lemma Hspace_subset:
  assumes "c1^2 < 1/4" "c2^2 < 1/4"
  shows "Hspace c1 \<subseteq> Hspace c2"
  using integrable_eta_sq_norm[OF assms] by (auto simp: Hspace_def)

lemma Hnorm_sq_le:
  assumes c1: "c1^2 < 1/4" and c2: "c2^2 < 1/4" and z: "z \<in> Hspace c1"
  shows "(Hnorm c2 z)^2 \<le> 1297 * (Hnorm c1 z)^2"
proof -
  have "0 \<le> (\<integral>x. eta c1 x * (norm (z x))^2 \<partial>lborel)" using eta_bounds(1)[OF c1] by simp
  then show ?thesis
    using integral_eta_sq_norm_le[OF assms]
    by (simp add: Hnorm_sq[OF eta_bounds(1)[OF c1]] Hnorm_sq[OF eta_bounds(1)[OF c2]])
qed

theorem lemma2p6:
  shows "\<exists>cc::real. 0 < cc \<and> cc < 2 \<and>
    (\<exists>C::real. C > 0 \<and>
      (\<forall>c cs z. \<bar>c\<bar> < cc \<longrightarrow> \<bar>cs\<bar> < cc \<longrightarrow> z \<in> Hspace cs \<longrightarrow>
         (\<integral>\<^sup>+ x. ennreal (\<bar>(cmod (phi c x))^4 - (phi0 x)^4\<bar> * (cmod (z x))^2) \<partial>lborel)
           \<le> ennreal (C * c^2 * (Hnorm cs z)^2))) \<and>
    (\<forall>c. \<bar>c\<bar> < cc \<longrightarrow> Hspace c = Hspace 0) \<and>
    (\<exists>s1 s2::real. s1 > 0 \<and> s2 > 0 \<and>
      (\<forall>c z. \<bar>c\<bar> < cc \<longrightarrow> z \<in> Hspace 0 \<longrightarrow>
         s1 * (Hnorm 0 z)^2 \<le> (Hnorm c z)^2 \<and> (Hnorm c z)^2 \<le> s2 * (Hnorm 0 z)^2))"
proof -
  have sq: "c^2 < 1/4" if "\<bar>c\<bar> < 1/2" for c :: real
    using power_strict_mono[of "\<bar>c\<bar>" "1/2" 2] that by (simp add: power_divide)
  have 0: "(0::real)^2 < 1/4" by simp
  have soliton: "(\<integral>\<^sup>+ x. ennreal (\<bar>(cmod (phi c x))^4 - (phi0 x)^4\<bar> * (cmod (z x))^2) \<partial>lborel)
      \<le> ennreal (2268 * c^2 * (Hnorm cs z)^2)" if "\<bar>c\<bar> < 1/2" "\<bar>cs\<bar> < 1/2" "z \<in> Hspace cs" for c cs z
    using nn_integral_dominated_weight_le_Hnorm[OF sq[OF that(2)] that(3) _ phi_pow4_diff_le[OF sq[OF that(1)]]]
    by simp
  have same: "Hspace c = Hspace 0" if "\<bar>c\<bar> < 1/2" for c
    using Hspace_subset[OF sq[OF that] 0] Hspace_subset[OF 0 sq[OF that]] by blast
  have equiv: "1/1297 * (Hnorm 0 z)^2 \<le> (Hnorm c z)^2 \<and> (Hnorm c z)^2 \<le> 1297 * (Hnorm 0 z)^2"
    if "\<bar>c\<bar> < 1/2" "z \<in> Hspace 0" for c z
  proof -
    have "z \<in> Hspace c" using same[OF that(1)] that(2) by simp
    from Hnorm_sq_le[OF sq[OF that(1)] 0 this] Hnorm_sq_le[OF 0 sq[OF that(1)] that(2)]
    show ?thesis by simp
  qed
  show ?thesis
    apply (rule exI[of _ "1/2"], intro conjI)
        apply simp
       apply simp
      apply (rule exI[of _ 2268]) using soliton apply simp
     using same apply blast
    apply (rule exI[of _ "1/1297"], rule exI[of _ 1297]) using equiv apply simp
    done
qed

What you have to do: Count every line above that includes the string "equiv", and answer with the count only.

Answer to this exercise: 2